Танго алого мотылька. Трилогия — страница 11 из 75

Закончив работать около трёх часов, он, как и планировал, отправился в агентство — выбрать парочку девочек, с которыми можно было провести ночь.

«Нужно провести пробы», — так он это называл.

К вечеру он уже сидел в клубе и потягивал лёгкий коктейль, и два красивых тела прижимали его с обоих боков.

Рей, тем не менее, никак не мог отделаться от чувства, что что-то идёт не так. И от того прикладывался к губам то одной, то другой в два раза чаще, чем делал бы это в любой другой день.

Кирстин начинало казаться, что она сходит с ума.

В обступившей со всех сторон темноте ей чудилось, что она чувствует, как растут её собственные волосы.

Хуже всего была невозможность коснуться чего бы то ни было рукой. Осязание, через которое она привыкла познавать мир, сейчас было недоступно для неё так же, как и зрение.

Кирстин пыталась отвлечься, думая о колледже, о Лоуренсе и о сестре. О том, как вернётся домой — но вместо этого в голове крутились лишь мысли о том, какая она дура. О том, что никто не вспомнит её и никто не ищет — как и сказал Мастер, когда она только попала сюда.

Если бы её искали — то давно бы уже нашли.
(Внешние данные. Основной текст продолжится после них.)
(* Let $R$ be a finite commutative ring with identity and let $\mathfrak{m}$ be a maximal ideal of $R$ of maximum size among all maximal ideals. If $R/\mathfrak{m}$ has characteristic $2$, then $$\chi\big(\mathrm{Reg}(\Gamma(R))\big)=\omega\big(\mathrm{Reg}(\Gamma(R))\big)=\frac{|\mathrm{Reg}(R)|}{|R/\mathfrak{m}|-1}.$$
   Context: $Z(R)$ is the set of zero-divisors of $R$ (including $0$) and $\mathrm{Reg}(R)=R\setminus Z(R)$ is the set of regular elements. The total graph $T(\Gamma(R))$ is the simple graph with vertex set $R$ in which distinct $x,y$ are adjacent iff $x+y\in Z(R)$; $\mathrm{Reg}(\Gamma(R))$ is its induced subgraph on $\mathrm{Reg}(R)$. $\chi$ and $\omega$ denote chromatic and clique number. *)

theory Defs
  imports "HOL-Algebra.Algebra"
begin

definition zero_divisors :: "('a, 'b) ring_scheme \<Rightarrow> 'a set" where
  "zero_divisors R = {x \<in> carrier R. \<exists>y \<in> carrier R. y \<noteq> \<zero>\<^bsub>R\<^esub> \<and> x \<otimes>\<^bsub>R\<^esub> y = \<zero>\<^bsub>R\<^esub>}"

definition regular_elements :: "('a, 'b) ring_scheme \<Rightarrow> 'a set" where
  "regular_elements R = carrier R - zero_divisors R"

definition total_graph_adj :: "('a, 'b) ring_scheme \<Rightarrow> 'a \<Rightarrow> 'a \<Rightarrow> bool" where
  "total_graph_adj R x y \<longleftrightarrow> x \<noteq> y \<and> x \<oplus>\<^bsub>R\<^esub> y \<in> zero_divisors R"

(* Simple graphs given by a vertex set V and a (symmetric, irreflexive) adjacency E *)
definition is_clique :: "'v set \<Rightarrow> ('v \<Rightarrow> 'v \<Rightarrow> bool) \<Rightarrow> 'v set \<Rightarrow> bool" where
  "is_clique V E K \<longleftrightarrow> K \<subseteq> V \<and> (\<forall>x\<in>K. \<forall>y\<in>K. x \<noteq> y \<longrightarrow> E x y)"

definition clique_number :: "'v set \<Rightarrow> ('v \<Rightarrow> 'v \<Rightarrow> bool) \<Rightarrow> nat" where
  "clique_number V E = Max {card K | K. is_clique V E K}"

definition proper_colouring :: "'v set \<Rightarrow> ('v \<Rightarrow> 'v \<Rightarrow> bool) \<Rightarrow> nat \<Rightarrow> ('v \<Rightarrow> nat) \<Rightarrow> bool" where
  "proper_colouring V E k f \<longleftrightarrow> (\<forall>x\<in>V. f x < k) \<and> (\<forall>x\<in>V. \<forall>y\<in>V. E x y \<longrightarrow> f x \<noteq> f y)"

definition chromatic_number :: "'v set \<Rightarrow> ('v \<Rightarrow> 'v \<Rightarrow> bool) \<Rightarrow> nat" where
  "chromatic_number V E = (LEAST k. \<exists>f. proper_colouring V E k f)"

definition ring_characteristic :: "('a, 'b) ring_scheme \<Rightarrow> nat" where
  "ring_characteristic S = (if \<exists>n::nat>0. [n] \<cdot>\<^bsub>S\<^esub> \<one>\<^bsub>S\<^esub> = \<zero>\<^bsub>S\<^esub>
                  then (LEAST n::nat. n > 0 \<and> [n] \<cdot>\<^bsub>S\<^esub> \<one>\<^bsub>S\<^esub> = \<zero>\<^bsub>S\<^esub>) else 0)"

end

theory Submission
  imports Defs
begin

text \<open>
  In a finite ring the regular elements are the units, i.e. the elements lying in no maximal
  ideal. Let \<open>H\<close> be the units congruent to \<open>1\<close> modulo \<open>m\<close>; since \<open>1 + 1 \<in> m\<close>, any
  two elements of \<open>H\<close> add up to an element of \<open>m\<close>, a zero-divisor, so \<open>H\<close> is a clique.
  By the Chinese remainder theorem one picks in every nonzero class \<open>c\<close> of \<open>R/m\<close> a unit
  \<open>s c\<close> such that \<open>s c + s d\<close> is a unit for \<open>c \<noteq> d\<close>: modulo \<open>m\<close> take a representative
  of \<open>c\<close>; modulo a maximal ideal \<open>J\<close> with \<open>1 + 1 \<in> J\<close>, where sums and differences agree,
  take representatives of an injective image of the nonzero classes of \<open>R/m\<close> among those of
  \<open>R/J\<close>, which exists because \<open>|J| \<le> |m|\<close>; modulo every other \<open>J\<close> take \<open>1\<close>. Every unit
  is then uniquely \<open>h \<cdot> s c\<close> with \<open>h \<in> H\<close>, so \<open>|Reg R| = |H| (|R/m| - 1)\<close>, and colouring
  \<open>h \<cdot> s c\<close> by \<open>h\<close> is proper: two units of the same colour add up to the unit
  \<open>h (s c + s d)\<close>.
\<close>

lemma card_clique_le_colours:
  assumes "is_clique V E K" and "proper_colouring V E k f"
  shows "card K \<le> k"
proof -
  have "inj_on f K" and "f ` K \<subseteq> {..<k}"
    using assms unfolding is_clique_def proper_colouring_def inj_on_def by (blast, auto)
  then show ?thesis
    using card_inj_on_le[of f K "{..<k}"] by simp
qed

lemma chromatic_number_eq_clique_number:
  assumes "finite V" and "is_clique V E K" and "proper_colouring V E (card K) f"
  shows "chromatic_number V E = card K" and "clique_number V E = card K"
proof -
  show "chromatic_number V E = card K"
    unfolding chromatic_number_def
    using assms(2,3) card_clique_le_colours by (blast intro: Least_equality)
  have "{card K' | K'. is_clique V E K'} \<subseteq> card ` Pow V"
    unfolding is_clique_def by blast
  then have "finite {card K' | K'. is_clique V E K'}"
    using assms(1) finite_surj by blast
  then show "clique_number V E = card K"
    unfolding clique_number_def using assms(2,3) card_clique_le_colours by (blast intro: Max_eqI)
qed

context ideal begin

lemma rcos_eq_iff:
  assumes "x \<in> carrier R" and "y \<in> carrier R"
  shows "I +> x = I +> y \<longleftrightarrow> x \<ominus> y \<in> I"
  using a_rcos_module_minus[OF ring_axioms assms(2,1)] a_rcos_self[OF assms(1)]
    a_repr_independence'[OF _ assms(2)] by metis

lemma rcos_eq_self_iff:
  assumes "x \<in> carrier R"
  shows "I +> x = I \<longleftrightarrow> x \<in> I"
  using rcos_const_imp_mem[OF assms] a_rcos_const by blast

lemma rcos_mult_cong:
  assumes "x \<in> carrier R" "y \<in> carrier R" "z \<in> carrier R" and "I +> x = I +> y"
  shows "I +> (x \<otimes> z) = I +> (y \<otimes> z)"
proof -
  have "x \<otimes> z \<ominus> y \<otimes> z = (x \<ominus> y) \<otimes> z"
    using assms(1-3) by algebra
  then show ?thesis
    using assms rcos_eq_iff I_r_closed by simp
qed

lemma rcos_representatives:
  "\<exists>r. \<forall>c\<in>a_rcosets I. r c \<in> carrier R \<and> I +> r c = c"
  using bchoice[of "a_rcosets I" "\<lambda>c x. x \<in> carrier R \<and> I +> x = c"]
  unfolding A_RCOSETS_def' by blast

lemma one_add_one_mem_if_characteristic_Quot_2:
  assumes "ring_characteristic (R Quot I) = 2"
  shows "\<one> \<oplus> \<one> \<in> I"
proof -
  interpret Q: ring "R Quot I" by (rule quotient_is_ring)
  let ?P = "\<lambda>n::nat. 0 < n \<and> [n] \<cdot>\<^bsub>R Quot I\<^esub> \<one>\<^bsub>R Quot I\<^esub> = \<zero>\<^bsub>R Quot I\<^esub>"
  have "\<exists>n. ?P n"
    using assms unfolding ring_characteristic_def by (metis zero_neq_numeral)
  then have "?P (LEAST n. ?P n)" by (rule LeastI_ex)
  then have "[(2::nat)] \<cdot>\<^bsub>R Quot I\<^esub> \<one>\<^bsub>R Quot I\<^esub> = \<zero>\<^bsub>R Quot I\<^esub>"
    using assms unfolding ring_characteristic_def by (simp split: if_splits)
  then have "\<one>\<^bsub>R Quot I\<^esub> \<oplus>\<^bsub>R Quot I\<^esub> \<one>\<^bsub>R Quot I\<^esub> = \<zero>\<^bsub>R Quot I\<^esub>"
    by (simp add: numeral_2_eq_2 add_pow_def Q.add.nat_pow_Suc)
  moreover have "I +> (\<one> \<oplus> \<one>) = \<one>\<^bsub>R Quot I\<^esub> \<oplus>\<^bsub>R Quot I\<^esub> \<one>\<^bsub>R Quot I\<^esub>"
    using ring_hom_add[OF rcos_ring_hom] ring_hom_one[OF rcos_ring_hom] by simp
  ultimately show ?thesis
    using rcos_eq_self_iff by (simp add: FactRing_def)
qed

lemma Units_notin:
  assumes "\<one> \<notin> I" and "u \<in> Units R"
  shows "u \<notin> I"
proof
  assume "u \<in> I"
  then have "inv u \<otimes> u \<in> I"
    using assms(2) by (intro I_l_closed Units_inv_closed)
  then show False
    using assms by simp
qed

lemma add_mem_iff_diff_mem:
  assumes "\<one> \<oplus> \<one> \<in> I" and "x \<in> carrier R" "y \<in> carrier R"
  shows "x \<oplus> y \<in> I \<longleftrightarrow> x \<ominus> y \<in> I"
proof -
  let ?t = "(\<one> \<oplus> \<one>) \<otimes> y"
  have t: "?t \<in> I"
    using assms(1,3) by (rule I_r_closed)
  have "x \<oplus> y = (x \<ominus> y) \<oplus> ?t" and "x \<ominus> y = (x \<oplus> y) \<oplus> \<ominus> ?t"
    using assms(2,3) by algebra+
  then show ?thesis
    using t by (metis additive_subgroup.a_closed additive_subgroup.a_inv_closed is_additive_subgroup)
qed

end

lemma (in maximalideal) one_notin: "\<one> \<notin> I"
proof
  assume "\<one> \<in> I"
  then have "I = carrier R"
    by (rule one_imp_carrier)
  then show False
    using I_notcarr by argo
qed

context cring begin

lemma Units_not_zero_divisor:
  assumes "x \<in> Units R"
  shows "x \<notin> zero_divisors R"
proof
  assume "x \<in> zero_divisors R"
  then obtain y where y: "y \<in> carrier R" "y \<noteq> \<zero>" "x \<otimes> y = \<zero>"
    unfolding zero_divisors_def by blast
  have "y = inv x \<otimes> (x \<otimes> y)"
    using assms y(1) by (metis Units_closed Units_inv_closed Units_l_inv l_one m_assoc)
  then show False
    using y assms by simp
qed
Следовало это признать.

От этих размышлений Кирстин захотелось плакать — уже в который раз за прошедшие дни.

Она по-прежнему не знала, сколько времени прошло.

Мастер больше не освобождал её. Приходил он теперь по большей части для того, чтобы пошевелить рукой у Кирстин между ног — и от этого Кирстин чувствовала себя бревном, резиновой куклой, у которой из всех возможных желаний и чувств осталась лишь функция «секс».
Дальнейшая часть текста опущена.